Without adding or dropping anything, copy the entries below.

Collected data entries ->
--- START ---

lemma sqA_pair_snd: "sqA K (pbul K \<cdot> a \<cdot> b) b"
proof -
  let ?x = "pbul K \<cdot> a \<cdot> b"
  have "b \<subseteq> ibul \<cdot> b" by (rule ibul_reduces)
  also have "\<dots> \<subseteq> kbul K \<cdot> ibul \<cdot> a \<cdot> b" by (intro compb_mono kbul_reduces order_refl)
  also have "\<dots> \<subseteq> ?x \<cdot> (kbul K \<cdot> ibul)" by (rule pbul_reduces)
  also have "\<dots> \<subseteq> ibul \<cdot> ?x \<cdot> (kbul K \<cdot> (kbul K \<cdot> ibul) \<cdot> ?x)"
    by (intro compb_mono ibul_reduces kbul_reduces)
  also have "\<dots> \<subseteq> sbul K \<cdot> ibul \<cdot> (kbul K \<cdot> (kbul K \<cdot> ibul)) \<cdot> ?x" by (rule sbul_reduces)
  finally show ?thesis
    by (rule sqAI) (intro Phib_compb combinators_in_Phib)
qed

lemma sqA_pair:
  assumes "sqA K c a" and "sqA K c b"
  shows "sqA K c (pbul K \<cdot> a \<cdot> b)"
proof -
  obtain F G where F: "F \<in> Phib K" "a \<subseteq> F \<cdot> c" and G: "G \<in> Phib K" "b \<subseteq> G \<cdot> c"
    using assms unfolding sqA_iff by blast
  have "pbul K \<cdot> a \<cdot> b \<subseteq> pbul K \<cdot> (F \<cdot> c) \<cdot> (G \<cdot> c)" by (intro compb_mono F(2) G(2) order_refl)
  also have "\<dots> \<subseteq> kbul K \<cdot> pbul K \<cdot> c \<cdot> (F \<cdot> c) \<cdot> (G \<cdot> c)"
    by (intro compb_mono kbul_reduces order_refl)
  also have "\<dots> \<subseteq> sbul K \<cdot> (kbul K \<cdot> pbul K) \<cdot> F \<cdot> c \<cdot> (G \<cdot> c)"
    by (intro compb_mono sbul_reduces order_refl)
  also have "\<dots> \<subseteq> sbul K \<cdot> (sbul K \<cdot> (kbul K \<cdot> pbul K) \<cdot> F) \<cdot> G \<cdot> c" by (rule sbul_reduces)
  finally show ?thesis
    by (rule sqAI) (intro Phib_compb combinators_in_Phib F(1) G(1))
qed

lemma sqA_empty: "sqA K a {}"
  using empty_subsetI ibul_in_Phib by (rule sqAI)

lemma sqA_pair_iff_arrb:
  assumes "c \<in> Pbul K"
  shows "sqA K (pbul K \<cdot> a \<cdot> b) c \<longleftrightarrow> sqA K a (arrb K b c)"
proof
  assume "sqA K (pbul K \<cdot> a \<cdot> b) c"
  then obtain F where F: "F \<in> Phib K" "c \<subseteq> F \<cdot> (pbul K \<cdot> a \<cdot> b)" unfolding sqA_iff by blast
  let ?G = "sbul K \<cdot> (kbul K \<cdot> (sbul K \<cdot> (kbul K \<cdot> F))) \<cdot> pbul K"
  have "c \<subseteq> kbul K \<cdot> F \<cdot> b \<cdot> (pbul K \<cdot> a \<cdot> b)"
    using F(2) compb_mono[OF kbul_reduces order_refl] by blast
  also have "\<dots> \<subseteq> sbul K \<cdot> (kbul K \<cdot> F) \<cdot> (pbul K \<cdot> a) \<cdot> b" by (rule sbul_reduces)
  also have "\<dots> \<subseteq> kbul K \<cdot> (sbul K \<cdot> (kbul K \<cdot> F)) \<cdot> a \<cdot> (pbul K \<cdot> a) \<cdot> b"
    by (intro compb_mono kbul_reduces order_refl)
  also have "\<dots> \<subseteq> ?G \<cdot> a \<cdot> b" by (intro compb_mono sbul_reduces order_refl)
  finally have "arrb K b c \<subseteq> ?G \<cdot> a"
    using subset_compb_iff_arrb_subset[OF compb_in_Pbul assms] by simp
  thus "sqA K a (arrb K b c)"
    by (rule sqAI) (intro Phib_compb combinators_in_Phib F(1))
next
  assume "sqA K a (arrb K b c)"
  then obtain F where F: "F \<in> Phib K" "arrb K b c \<subseteq> F \<cdot> a" unfolding sqA_iff by blast
  let ?x = "pbul K \<cdot> a \<cdot> b"
  have "c \<subseteq> F \<cdot> a \<cdot> b" using subset_compb_iff_arrb_subset[OF compb_in_Pbul assms] F(2) by simp
  also have "\<dots> \<subseteq> ?x \<cdot> F" by (rule pbul_reduces)
  also have "\<dots> \<subseteq> ibul \<cdot> ?x \<cdot> (kbul K \<cdot> F \<cdot> ?x)" by (intro compb_mono ibul_reduces kbul_reduces)
  also have "\<dots> \<subseteq> sbul K \<cdot> ibul \<cdot> (kbul K \<cdot> F) \<cdot> ?x" by (rule sbul_reduces)
  finally show "sqA K ?x c"
    by (rule sqAI) (intro Phib_compb combinators_in_Phib F(1))
qed

lemma heyting_preorder_sqb: "heyting_preorder (Pbul K) (sqb K) (meetb K) (arrb K)"
  unfolding heyting_preorder_def meetb_def
proof (intro conjI ballI impI)
  fix a assume "a \<in> Pbul K"
  thus "sqb K a a" by (simp add: sqb_iff_sqA sqA_refl)
next
  fix a b c assume mem: "a \<in> Pbul K" "b \<in> Pbul K" "c \<in> Pbul K"
  show "sqb K a c" if "sqb K a b" and "sqb K b c"
    using that by (simp add: mem sqb_iff_sqA sqA_trans)
next
  fix a b assume mem: "a \<in> Pbul K" "b \<in> Pbul K"
  show "sqb K (pbul K \<cdot> a \<cdot> b) a" "sqb K (pbul K \<cdot> a \<cdot> b) b"
    by (simp_all add: mem compb_in_Pbul sqb_iff_sqA sqA_pair_fst sqA_pair_snd)
next
  fix a b c assume mem: "a \<in> Pbul K" "b \<in> Pbul K" "c \<in> Pbul K"
  show "sqb K c (pbul K \<cdot> a \<cdot> b)" if "sqb K c a" and "sqb K c b"
    using that by (simp add: mem compb_in_Pbul sqb_iff_sqA sqA_pair)
next
  have "{} \<in> Pbul K" using empty_in_Phib unfolding Phib_def by blast
  thus "\<exists>top\<in>Pbul K. \<forall>a\<in>Pbul K. sqb K a top"
    by (intro bexI[of _ "{}"] ballI) (simp_all add: sqb_iff_sqA sqA_empty)
next
  fix a b c assume mem: "a \<in> Pbul K" "b \<in> Pbul K" "c \<in> Pbul K"
  show "sqb K (pbul K \<cdot> a \<cdot> b) c \<longleftrightarrow> sqb K a (arrb K b c)"
    by (simp add: mem compb_in_Pbul arrb_in_Pbul sqb_iff_sqA sqA_pair_iff_arrb)
qed (simp_all add: compb_in_Pbul arrb_in_Pbul)

end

--- END ---

Finished task ->
lemma sqA_pair_snd: "sqA K (pbul K \<cdot> a \<cdot> b) b"
proof -
  let ?x = "pbul K \<cdot> a \<cdot> b"
  have "b \<subseteq> ibul \<cdot> b" by (rule ibul_reduces)
  also have "\<dots> \<subseteq> kbul K \<cdot> ibul \<cdot> a \<cdot> b" by (intro compb_mono kbul_reduces order_refl)
  also have "\<dots> \<subseteq> ?x \<cdot> (kbul K \<cdot> ibul)" by (rule pbul_reduces)
  also have "\<dots> \<subseteq> ibul \<cdot> ?x \<cdot> (kbul K \<cdot> (kbul K \<cdot> ibul) \<cdot> ?x)"
    by (intro compb_mono ibul_reduces kbul_reduces)
  also have "\<dots> \<subseteq> sbul K \<cdot> ibul \<cdot> (kbul K \<cdot> (kbul K \<cdot> ibul)) \<cdot> ?x" by (rule sbul_reduces)
  finally show ?thesis
    by (rule sqAI) (intro Phib_compb combinators_in_Phib)
qed

lemma sqA_pair:
  assumes "sqA K c a" and "sqA K c b"
  shows "sqA K c (pbul K \<cdot> a \<cdot> b)"
proof -
  obtain F G where F: "F \<in> Phib K" "a \<subseteq> F \<cdot> c" and G: "G \<in> Phib K" "b \<subseteq> G \<cdot> c"
    using assms unfolding sqA_iff by blast
  have "pbul K \<cdot> a \<cdot> b \<subseteq> pbul K \<cdot> (F \<cdot> c) \<cdot> (G \<cdot> c)" by (intro compb_mono F(2) G(2) order_refl)
  also have "\<dots> \<subseteq> kbul K \<cdot> pbul K \<cdot> c \<cdot> (F \<cdot> c) \<cdot> (G \<cdot> c)"
    by (intro compb_mono kbul_reduces order_refl)
  also have "\<dots> \<subseteq> sbul K \<cdot> (kbul K \<cdot> pbul K) \<cdot> F \<cdot> c \<cdot> (G \<cdot> c)"
    by (intro compb_mono sbul_reduces order_refl)
  also have "\<dots> \<subseteq> sbul K \<cdot> (sbul K \<cdot> (kbul K \<cdot> pbul K) \<cdot> F) \<cdot> G \<cdot> c" by (rule sbul_reduces)
  finally show ?thesis
    by (rule sqAI) (intro Phib_compb combinators_in_Phib F(1) G(1))
qed

lemma sqA_empty: "sqA K a {}"
  using empty_subsetI ibul_in_Phib by (rule sqAI)

lemma sqA_pair_iff_arrb:
  assumes "c \<in> Pbul K"
  shows "sqA K (pbul K \<cdot> a \<cdot> b) c \<longleftrightarrow> sqA K a (arrb K b c)"
proof
  assume "sqA K (pbul K \<cdot> a \<cdot> b) c"
  then obtain F where F: "F \<in> Phib K" "c \<subseteq> F \<cdot> (pbul K \<cdot> a \<cdot> b)" unfolding sqA_iff by blast
  let ?G = "sbul K \<cdot> (kbul K \<cdot> (sbul K \<cdot> (kbul K \<cdot> F))) \<cdot> pbul K"
  have "c \<subseteq> kbul K \<cdot> F \<cdot> b \<cdot> (pbul K \<cdot> a \<cdot> b)"
    using F(2) compb_mono[OF kbul_reduces order_refl] by blast
  also have "\<dots> \<subseteq> sbul K \<cdot> (kbul K \<cdot> F) \<cdot> (pbul K \<cdot> a) \<cdot> b" by (rule sbul_reduces)
  also have "\<dots> \<subseteq> kbul K \<cdot> (sbul K \<cdot> (kbul K \<cdot> F)) \<cdot> a \<cdot> (pbul K \<cdot> a) \<cdot> b"
    by (intro compb_mono kbul_reduces order_refl)
  also have "\<dots> \<subseteq> ?G \<cdot> a \<cdot> b" by (intro compb_mono sbul_reduces order_refl)
  finally have "arrb K b c \<subseteq> ?G \<cdot> a"
    using subset_compb_iff_arrb_subset[OF compb_in_Pbul assms] by simp
  thus "sqA K a (arrb K b c)"
    by (rule sqAI) (intro Phib_compb combinators_in_Phib F(1))
next
  assume "sqA K a (arrb K b c)"
  then obtain F where F: "F \<in> Phib K" "arrb K b c \<subseteq> F \<cdot> a" unfolding sqA_iff by blast
  let ?x = "pbul K \<cdot> a \<cdot> b"
  have "c \<subseteq> F \<cdot> a \<cdot> b" using subset_compb_iff_arrb_subset[OF compb_in_Pbul assms] F(2) by simp
  also have "\<dots> \<subseteq> ?x \<cdot> F" by (rule pbul_reduces)
  also have "\<dots> \<subseteq> ibul \<cdot> ?x \<cdot> (kbul K \<cdot> F \<cdot> ?x)" by (intro compb_mono ibul_reduces kbul_reduces)
  also have "\<dots> \<subseteq> sbul K \<cdot> ibul \<cdot> (kbul K \<cdot> F) \<cdot> ?x" by (rule sbul_reduces)
  finally show "sqA K ?x c"
    by (rule sqAI) (intro Phib_compb combinators_in_Phib F(1))
qed

lemma heyting_preorder_sqb: "heyting_preorder (Pbul K) (sqb K) (meetb K) (arrb K)"
  unfolding heyting_preorder_def meetb_def
proof (intro conjI ballI impI)
  fix a assume "a \<in> Pbul K"
  thus "sqb K a a" by (simp add: sqb_iff_sqA sqA_refl)
next
  fix a b c assume mem: "a \<in> Pbul K" "b \<in> Pbul K" "c \<in> Pbul K"
  show "sqb K a c" if "sqb K a b" and "sqb K b c"
    using that by (simp add: mem sqb_iff_sqA sqA_trans)
next
  fix a b assume mem: "a \<in> Pbul K" "b \<in> Pbul K"
  show "sqb K (pbul K \<cdot> a \<cdot> b) a" "sqb K (pbul K \<cdot> a \<cdot> b) b"
    by (simp_all add: mem compb_in_Pbul sqb_iff_sqA sqA_pair_fst sqA_pair_snd)
next
  fix a b c assume mem: "a \<in> Pbul K" "b \<in> Pbul K" "c \<in> Pbul K"
  show "sqb K c (pbul K \<cdot> a \<cdot> b)" if "sqb K c a" and "sqb K c b"
    using that by (simp add: mem compb_in_Pbul sqb_iff_sqA sqA_pair)
next
  have "{} \<in> Pbul K" using empty_in_Phib unfolding Phib_def by blast
  thus "\<exists>top\<in>Pbul K. \<forall>a\<in>Pbul K. sqb K a top"
    by (intro bexI[of _ "{}"] ballI) (simp_all add: sqb_iff_sqA sqA_empty)
next
  fix a b c assume mem: "a \<in> Pbul K" "b \<in> Pbul K" "c \<in> Pbul K"
  show "sqb K (pbul K \<cdot> a \<cdot> b) c \<longleftrightarrow> sqb K a (arrb K b c)"
    by (simp add: mem compb_in_Pbul arrb_in_Pbul sqb_iff_sqA sqA_pair_iff_arrb)
qed (simp_all add: compb_in_Pbul arrb_in_Pbul)

end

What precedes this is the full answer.